Objective: Evaluation of prognostic impact of complete revascularization (CR) on P admitted with ST segment elevation myocardial infarction (STEMI) in CS and multivessel disease (MVD).
Material and methods: Retrospective analysis of P data admitted due to STEMI and CS and MVD at multicentric registry between 2000-2018. Compared demographic and clinical characteristics of P who were submitted to CR (group 1 – G1) versus who did not (group 2 – G2) and evaluated its prognostic impact.

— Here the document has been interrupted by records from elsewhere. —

(* Let $J:=\operatorname{conv}\{\mathbf{v}_0,\mathbf{v}_1,\dots,\mathbf{v}_d\}\subset\mathbb{R}^d_{\ge0}\setminus\{\mathbf{0}\}$ be a $d$-simplex, $\mathbf{c}\in\mathbb{R}^d$, and $f(\mathbf{x}):=e^{\mathbf{c}^\top\mathbf{x}}-1$, and suppose $\mathbf{c}^\top\mathbf{v}_0-\mathbf{c}^\top\mathbf{v}_j=u\neq0$ for $j=1,\dots,d$. Then $$\operatorname{vol}(P(f,J))=\frac{d!\operatorname{vol}(J)}{(d+2)!}\bigl(e^{\mathbf{c}^\top\mathbf{v}_0}+de^{\mathbf{c}^\top\mathbf{v}_0-u}\bigr)-\frac{d!\operatorname{vol}(J)}{d+2}\cdot\frac{e^{\mathbf{c}^\top\mathbf{v}_0-u}}{u^d}\left(e^u-\sum_{j=0}^{d-1}\frac{u^j}{j!}\right),$$ and $$\begin{aligned}\operatorname{vol}(P^0(f,J))=&\ \frac{d!\operatorname{vol}(J)}{(d+2)!}\bigl(e^{\mathbf{c}^\top\mathbf{v}_0}+de^{\mathbf{c}^\top\mathbf{v}_0-u}+1\bigr)-d!\operatorname{vol}(J)\frac{e^{\mathbf{c}^\top\mathbf{v}_0-u}}{(\mathbf{c}^\top\mathbf{v}_0)u^d}\left(e^u-\sum_{j=0}^{d-1}\frac{u^j}{j!}\right)\\&+d!\operatorname{vol}(J)\frac{e^{\mathbf{c}^\top\mathbf{v}_0-u}}{(\mathbf{c}^\top\mathbf{v}_0)\,[-(\mathbf{c}^\top\mathbf{v}_0-u)]^d}\left(e^{-(\mathbf{c}^\top\mathbf{v}_0-u)}-\sum_{j=0}^{d-1}\frac{[-(\mathbf{c}^\top\mathbf{v}_0-u)]^j}{j!}\right).\end{aligned}$$
   Context: $\operatorname{vol}(J)$ is the $d$-dimensional Lebesgue measure of $J$, and $\operatorname{vol}$ of the relaxations is $(d+2)$-dimensional Lebesgue measure. Let $\mu$ be the unique affine function agreeing with $f$ at the vertices of $J$ and $\mu(\mathbf{x},z):=z\mu(\mathbf{x}/z)$ (extended linearly in $(\mathbf{x},z)$). For $z\ge0$, $z\cdot J:=\{z\mathbf{x}:\mathbf{x}\in J\}$. Perspective relaxation: $P(f,J):=\operatorname{cl}\{(\mathbf{x},y,z)\in\mathbb{R}^d\times\mathbb{R}\times\mathbb{R}:\mu(\mathbf{x},z)\ge y\ge zf(\mathbf{x}/z),\ \mathbf{x}\in z\cdot J,\ 1\ge z>0\}$. Naive relaxation: $P^0(f,J):=\{(\mathbf{x},y,z)\in\mathbb{R}^d\times\mathbb{R}\times\mathbb{R}:\mu(\mathbf{x},z)\ge y\ge f(\mathbf{x}),\ \mathbf{x}\in z\cdot J,\ 1\ge z\ge0\}$. *)

theory Defs
  imports "HOL-Analysis.Analysis"
begin

definition simplex_of :: "(nat \<Rightarrow> real^'n) \<Rightarrow> nat \<Rightarrow> (real^'n) set" where
  "simplex_of v d = convex hull (v ` {0..d})"

definition affine_interp :: "(real^'n \<Rightarrow> real) \<Rightarrow> (nat \<Rightarrow> real^'n) \<Rightarrow> nat \<Rightarrow> real^'n \<Rightarrow> real" where
  "affine_interp f v d = (THE g. (\<exists>a b. g = (\<lambda>x. a \<bullet> x + b)) \<and> (\<forall>i\<in>{0..d}. g (v i) = f (v i)))"

text \<open>Its homogenization mu(x,z) = z mu(x/z), extended linearly in (x,z):
  for mu(x) = a.x + b this is a.x + b z.\<close>
definition homog :: "(real^'n \<Rightarrow> real) \<Rightarrow> real^'n \<Rightarrow> real \<Rightarrow> real" where
  "homog g x z = (g x - g 0) + z * g 0"

definition persp_relax :: "(real^'n \<Rightarrow> real) \<Rightarrow> (nat \<Rightarrow> real^'n) \<Rightarrow> nat \<Rightarrow> ((real^'n) \<times> real \<times> real) set" where
  "persp_relax f v d = closure {(x, y, z). homog (affine_interp f v d) x z \<ge> y \<and> y \<ge> z * f (inverse z *\<^sub>R x)
      \<and> x \<in> (\<lambda>p. z *\<^sub>R p) ` simplex_of v d \<and> 1 \<ge> z \<and> z > 0}"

Results: Admitted 7919 P with STEMI, which 295 (3.7%) on CS. 46.8% of the P on CS had MVD, 69.6% were submitted to CR. G1 P were younger (61±11 vs 73±12 years, p<0.001). The STEMI location was predominantly anterior (80%) in G1 and inferior in G2 (50%). The stablished timings symptoms start - reperfusion therapy and first medical contact - reperfusion were not statistically different between groups. 20% of G1 P did more than one coronarography during hospitalization. The anterior descendent was the artery more frequently involved in both groups (80 vs 89.8%) being the culprit lesion in 47.4% of G1 P and in 27.7% of G2 P, where the most frequently was the right coronary (43.4%, p <0.001). The majority of G1 P (95%) had 2-vessel disease; in G2 53.4% had 2-vessel disease and 46.6% 3-vessel disease (p<0.001). All the G1 P did PCI; in G2, 96.6% did PCI and 3.4% had a hybrid technique (in 2.3% coronary artery bypass grafting planned after hospital discharge). Other interventions during hospitalization were needed, namely non-invasive ventilation (35 vs 21.6%), invasive ventilation (30 vs 34.1%), intra-aortic pump (20 vs 17%) and temporary pacemaker (5 vs 25%), not statistically significant. The stablished endpoints were reinfarction rate (5% between G1 P vs 0%), AHF (70 vs 83%), stroke (5.3 vs 0%) and in hospital death (35 vs 37.5%), not statistically significant.
Conclusion: Although the evaluated endpoints are different and measured at different timings, our results do not appear to follow the trends presented in CULPRIT-SHOCK trial probably as a result of the small sample size and the shorter follow up time.